* **TASK GOAL**:
What is the number of lines in these records that hold the word "True"? Reply with that number alone.

===== PROVIDED RECORDS

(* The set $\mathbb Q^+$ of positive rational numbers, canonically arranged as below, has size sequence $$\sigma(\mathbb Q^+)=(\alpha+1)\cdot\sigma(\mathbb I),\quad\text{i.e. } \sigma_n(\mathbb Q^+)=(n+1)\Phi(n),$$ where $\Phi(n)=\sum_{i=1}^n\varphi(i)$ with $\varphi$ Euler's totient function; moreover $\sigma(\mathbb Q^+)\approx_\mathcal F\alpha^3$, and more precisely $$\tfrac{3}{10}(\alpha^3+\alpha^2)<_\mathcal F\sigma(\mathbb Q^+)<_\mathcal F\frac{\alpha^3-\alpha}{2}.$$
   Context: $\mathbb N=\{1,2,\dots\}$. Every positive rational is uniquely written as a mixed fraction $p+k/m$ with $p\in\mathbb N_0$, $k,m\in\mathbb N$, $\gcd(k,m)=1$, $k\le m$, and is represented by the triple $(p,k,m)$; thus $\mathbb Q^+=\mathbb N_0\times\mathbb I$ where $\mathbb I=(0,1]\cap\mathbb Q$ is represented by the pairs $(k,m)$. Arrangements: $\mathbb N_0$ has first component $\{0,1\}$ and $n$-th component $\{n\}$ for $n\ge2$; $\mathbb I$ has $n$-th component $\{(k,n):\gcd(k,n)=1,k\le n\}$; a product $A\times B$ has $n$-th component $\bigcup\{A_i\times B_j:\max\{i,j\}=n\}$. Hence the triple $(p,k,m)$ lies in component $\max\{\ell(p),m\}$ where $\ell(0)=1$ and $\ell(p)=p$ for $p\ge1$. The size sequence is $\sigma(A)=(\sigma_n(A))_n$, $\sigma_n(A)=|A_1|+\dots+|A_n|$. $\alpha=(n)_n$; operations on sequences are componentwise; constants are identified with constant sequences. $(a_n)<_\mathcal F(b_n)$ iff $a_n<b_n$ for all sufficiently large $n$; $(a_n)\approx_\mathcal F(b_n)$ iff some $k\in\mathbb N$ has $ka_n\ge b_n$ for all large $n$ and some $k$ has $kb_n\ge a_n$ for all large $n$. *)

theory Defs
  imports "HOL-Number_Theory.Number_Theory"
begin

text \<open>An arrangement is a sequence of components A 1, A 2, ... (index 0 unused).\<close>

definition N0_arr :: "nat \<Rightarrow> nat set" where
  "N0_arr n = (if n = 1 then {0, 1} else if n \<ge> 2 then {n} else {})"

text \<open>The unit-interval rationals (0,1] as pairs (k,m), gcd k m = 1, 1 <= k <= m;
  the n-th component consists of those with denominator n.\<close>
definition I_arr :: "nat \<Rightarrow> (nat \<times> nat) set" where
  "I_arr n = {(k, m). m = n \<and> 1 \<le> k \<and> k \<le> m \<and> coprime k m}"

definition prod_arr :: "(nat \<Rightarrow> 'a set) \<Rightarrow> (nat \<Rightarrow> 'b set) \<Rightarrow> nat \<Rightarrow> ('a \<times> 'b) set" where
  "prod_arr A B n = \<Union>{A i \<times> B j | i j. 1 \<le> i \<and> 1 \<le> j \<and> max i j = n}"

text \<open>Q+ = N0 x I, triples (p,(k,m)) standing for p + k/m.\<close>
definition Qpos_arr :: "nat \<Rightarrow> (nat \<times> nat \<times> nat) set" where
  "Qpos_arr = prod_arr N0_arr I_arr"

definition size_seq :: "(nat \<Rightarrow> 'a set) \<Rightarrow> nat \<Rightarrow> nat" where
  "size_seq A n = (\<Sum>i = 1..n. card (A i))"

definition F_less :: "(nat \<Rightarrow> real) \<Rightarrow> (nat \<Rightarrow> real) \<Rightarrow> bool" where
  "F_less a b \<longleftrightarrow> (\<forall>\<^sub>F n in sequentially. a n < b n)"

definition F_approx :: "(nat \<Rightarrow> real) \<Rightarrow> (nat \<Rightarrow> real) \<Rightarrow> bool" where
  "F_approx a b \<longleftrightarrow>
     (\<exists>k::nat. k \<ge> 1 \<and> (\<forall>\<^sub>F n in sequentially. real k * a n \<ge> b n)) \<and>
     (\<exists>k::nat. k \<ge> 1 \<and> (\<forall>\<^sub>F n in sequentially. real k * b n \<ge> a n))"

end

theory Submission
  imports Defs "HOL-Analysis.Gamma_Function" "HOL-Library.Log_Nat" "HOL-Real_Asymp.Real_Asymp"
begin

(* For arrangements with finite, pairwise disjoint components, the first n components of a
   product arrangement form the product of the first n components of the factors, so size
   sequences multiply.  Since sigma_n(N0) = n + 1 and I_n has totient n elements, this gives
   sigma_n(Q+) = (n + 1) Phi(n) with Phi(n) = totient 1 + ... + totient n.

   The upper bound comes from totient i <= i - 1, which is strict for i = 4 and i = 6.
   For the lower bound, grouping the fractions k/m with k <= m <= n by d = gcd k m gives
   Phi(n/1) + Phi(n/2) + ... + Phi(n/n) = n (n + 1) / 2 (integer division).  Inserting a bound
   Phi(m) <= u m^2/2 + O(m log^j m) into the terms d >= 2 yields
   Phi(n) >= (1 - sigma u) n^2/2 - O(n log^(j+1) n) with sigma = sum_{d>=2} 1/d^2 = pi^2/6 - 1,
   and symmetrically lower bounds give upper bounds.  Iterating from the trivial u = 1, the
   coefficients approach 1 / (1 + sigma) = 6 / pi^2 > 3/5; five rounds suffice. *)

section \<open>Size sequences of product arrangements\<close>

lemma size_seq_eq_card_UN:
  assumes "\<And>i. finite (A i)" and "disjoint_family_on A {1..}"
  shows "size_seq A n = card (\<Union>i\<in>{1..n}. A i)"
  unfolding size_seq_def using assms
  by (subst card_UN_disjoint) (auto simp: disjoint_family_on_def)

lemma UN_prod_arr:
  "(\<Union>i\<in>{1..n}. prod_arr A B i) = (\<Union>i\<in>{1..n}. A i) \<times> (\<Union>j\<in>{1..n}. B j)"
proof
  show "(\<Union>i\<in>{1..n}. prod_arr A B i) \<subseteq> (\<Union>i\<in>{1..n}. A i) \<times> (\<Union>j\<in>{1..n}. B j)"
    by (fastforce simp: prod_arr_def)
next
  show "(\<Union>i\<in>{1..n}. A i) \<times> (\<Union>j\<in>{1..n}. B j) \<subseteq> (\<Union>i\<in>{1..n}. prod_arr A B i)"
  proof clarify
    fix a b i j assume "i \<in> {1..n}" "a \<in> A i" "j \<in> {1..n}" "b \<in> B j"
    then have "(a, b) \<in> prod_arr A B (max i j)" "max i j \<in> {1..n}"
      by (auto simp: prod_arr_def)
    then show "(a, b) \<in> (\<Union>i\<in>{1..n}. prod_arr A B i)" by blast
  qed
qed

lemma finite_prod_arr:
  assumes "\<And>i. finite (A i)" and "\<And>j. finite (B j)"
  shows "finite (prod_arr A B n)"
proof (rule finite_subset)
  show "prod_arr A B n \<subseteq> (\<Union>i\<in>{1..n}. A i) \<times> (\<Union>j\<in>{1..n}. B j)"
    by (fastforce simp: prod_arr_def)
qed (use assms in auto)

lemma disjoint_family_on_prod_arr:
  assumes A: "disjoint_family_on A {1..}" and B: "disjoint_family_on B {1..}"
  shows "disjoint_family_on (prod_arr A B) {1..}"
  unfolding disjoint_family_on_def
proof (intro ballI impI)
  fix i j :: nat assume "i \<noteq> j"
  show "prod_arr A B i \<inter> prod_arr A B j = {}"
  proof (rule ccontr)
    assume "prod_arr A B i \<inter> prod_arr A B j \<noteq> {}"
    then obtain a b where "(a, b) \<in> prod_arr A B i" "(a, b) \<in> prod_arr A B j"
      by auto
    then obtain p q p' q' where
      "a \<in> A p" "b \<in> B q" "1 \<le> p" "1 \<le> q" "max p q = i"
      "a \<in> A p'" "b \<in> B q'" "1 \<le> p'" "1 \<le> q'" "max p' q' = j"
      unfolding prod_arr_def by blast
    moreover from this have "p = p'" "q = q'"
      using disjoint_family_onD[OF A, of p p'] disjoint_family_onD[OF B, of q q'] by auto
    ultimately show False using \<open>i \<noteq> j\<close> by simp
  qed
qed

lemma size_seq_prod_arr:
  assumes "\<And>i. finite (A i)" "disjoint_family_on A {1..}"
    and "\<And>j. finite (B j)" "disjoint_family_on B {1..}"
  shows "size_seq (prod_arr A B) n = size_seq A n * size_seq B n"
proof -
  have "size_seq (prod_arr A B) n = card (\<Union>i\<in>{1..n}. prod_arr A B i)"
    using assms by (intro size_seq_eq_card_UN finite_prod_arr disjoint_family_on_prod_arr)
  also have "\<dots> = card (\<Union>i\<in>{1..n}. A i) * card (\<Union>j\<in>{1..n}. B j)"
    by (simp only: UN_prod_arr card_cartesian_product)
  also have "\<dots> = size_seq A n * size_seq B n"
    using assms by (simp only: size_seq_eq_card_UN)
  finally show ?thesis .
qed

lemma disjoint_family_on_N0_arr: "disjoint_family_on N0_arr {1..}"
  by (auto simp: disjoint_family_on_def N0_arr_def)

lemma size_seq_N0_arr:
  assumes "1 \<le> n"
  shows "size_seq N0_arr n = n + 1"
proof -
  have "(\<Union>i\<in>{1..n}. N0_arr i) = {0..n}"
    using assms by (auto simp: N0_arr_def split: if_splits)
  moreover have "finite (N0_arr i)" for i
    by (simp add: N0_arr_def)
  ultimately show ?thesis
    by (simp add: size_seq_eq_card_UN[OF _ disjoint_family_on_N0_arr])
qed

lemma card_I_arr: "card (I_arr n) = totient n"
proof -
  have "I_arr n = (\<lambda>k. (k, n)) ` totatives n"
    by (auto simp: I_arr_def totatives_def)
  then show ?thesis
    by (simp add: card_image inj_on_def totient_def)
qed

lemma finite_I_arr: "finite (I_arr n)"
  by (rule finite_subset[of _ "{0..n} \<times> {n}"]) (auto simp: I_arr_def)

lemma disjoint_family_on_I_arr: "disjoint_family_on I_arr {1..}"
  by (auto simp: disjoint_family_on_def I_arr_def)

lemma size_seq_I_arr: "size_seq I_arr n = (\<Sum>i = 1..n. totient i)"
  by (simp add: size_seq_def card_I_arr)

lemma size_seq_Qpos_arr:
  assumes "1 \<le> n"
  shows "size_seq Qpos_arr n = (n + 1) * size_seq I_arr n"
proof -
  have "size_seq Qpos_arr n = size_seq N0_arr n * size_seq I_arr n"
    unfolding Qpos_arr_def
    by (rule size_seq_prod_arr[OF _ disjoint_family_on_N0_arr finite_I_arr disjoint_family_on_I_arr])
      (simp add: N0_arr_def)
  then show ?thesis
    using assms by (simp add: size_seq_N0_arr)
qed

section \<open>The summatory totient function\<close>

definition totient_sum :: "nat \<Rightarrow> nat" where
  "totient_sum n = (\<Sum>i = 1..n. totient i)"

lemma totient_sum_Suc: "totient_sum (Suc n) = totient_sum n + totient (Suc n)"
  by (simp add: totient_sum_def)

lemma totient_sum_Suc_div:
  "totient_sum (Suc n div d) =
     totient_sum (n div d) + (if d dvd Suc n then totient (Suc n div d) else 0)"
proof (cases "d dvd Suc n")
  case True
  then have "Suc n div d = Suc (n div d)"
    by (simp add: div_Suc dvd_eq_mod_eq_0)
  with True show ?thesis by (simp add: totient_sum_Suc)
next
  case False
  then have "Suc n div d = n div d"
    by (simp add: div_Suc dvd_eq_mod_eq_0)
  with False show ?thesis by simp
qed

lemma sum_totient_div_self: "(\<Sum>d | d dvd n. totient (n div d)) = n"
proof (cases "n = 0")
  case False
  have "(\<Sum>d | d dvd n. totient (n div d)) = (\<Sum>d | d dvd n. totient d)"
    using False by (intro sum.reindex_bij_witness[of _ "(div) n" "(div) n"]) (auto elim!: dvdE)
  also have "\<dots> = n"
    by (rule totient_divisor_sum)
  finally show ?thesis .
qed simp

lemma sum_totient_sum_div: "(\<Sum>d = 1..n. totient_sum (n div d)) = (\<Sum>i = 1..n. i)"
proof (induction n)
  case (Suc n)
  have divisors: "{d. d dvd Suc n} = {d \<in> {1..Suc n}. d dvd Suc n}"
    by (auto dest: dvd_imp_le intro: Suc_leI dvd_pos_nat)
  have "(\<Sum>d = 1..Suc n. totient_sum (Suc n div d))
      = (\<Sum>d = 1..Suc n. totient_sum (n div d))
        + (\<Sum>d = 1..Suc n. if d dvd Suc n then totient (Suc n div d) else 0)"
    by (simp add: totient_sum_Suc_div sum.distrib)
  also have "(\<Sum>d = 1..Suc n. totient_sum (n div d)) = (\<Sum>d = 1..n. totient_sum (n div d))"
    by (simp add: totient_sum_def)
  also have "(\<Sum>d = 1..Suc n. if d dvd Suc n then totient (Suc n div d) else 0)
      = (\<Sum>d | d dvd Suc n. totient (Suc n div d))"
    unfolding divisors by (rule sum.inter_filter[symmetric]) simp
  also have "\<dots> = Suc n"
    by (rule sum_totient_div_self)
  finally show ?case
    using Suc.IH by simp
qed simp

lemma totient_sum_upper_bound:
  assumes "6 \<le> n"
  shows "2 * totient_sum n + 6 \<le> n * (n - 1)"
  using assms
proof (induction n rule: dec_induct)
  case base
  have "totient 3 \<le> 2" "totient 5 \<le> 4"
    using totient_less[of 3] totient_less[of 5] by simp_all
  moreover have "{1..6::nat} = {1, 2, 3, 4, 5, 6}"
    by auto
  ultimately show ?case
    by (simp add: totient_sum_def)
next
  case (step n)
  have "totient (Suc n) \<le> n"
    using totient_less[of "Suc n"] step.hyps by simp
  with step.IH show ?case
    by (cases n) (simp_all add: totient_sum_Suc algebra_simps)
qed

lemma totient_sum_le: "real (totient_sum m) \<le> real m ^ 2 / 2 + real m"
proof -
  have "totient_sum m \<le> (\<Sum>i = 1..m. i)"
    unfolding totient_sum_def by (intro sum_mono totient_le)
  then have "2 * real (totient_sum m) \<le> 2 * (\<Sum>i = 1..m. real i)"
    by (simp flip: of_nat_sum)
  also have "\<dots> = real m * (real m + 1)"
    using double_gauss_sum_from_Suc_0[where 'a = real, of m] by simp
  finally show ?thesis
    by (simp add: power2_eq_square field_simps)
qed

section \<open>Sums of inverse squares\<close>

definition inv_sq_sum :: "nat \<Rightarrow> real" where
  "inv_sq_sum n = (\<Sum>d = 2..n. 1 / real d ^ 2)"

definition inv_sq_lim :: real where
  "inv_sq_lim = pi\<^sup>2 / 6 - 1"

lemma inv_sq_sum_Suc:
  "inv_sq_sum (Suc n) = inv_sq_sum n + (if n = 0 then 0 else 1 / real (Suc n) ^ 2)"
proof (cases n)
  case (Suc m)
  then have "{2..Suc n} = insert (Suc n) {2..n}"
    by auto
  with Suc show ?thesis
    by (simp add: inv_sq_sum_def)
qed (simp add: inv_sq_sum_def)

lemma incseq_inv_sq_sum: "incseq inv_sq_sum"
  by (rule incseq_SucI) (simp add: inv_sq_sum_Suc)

==========

* **EXERCISE RESPONSE**:
2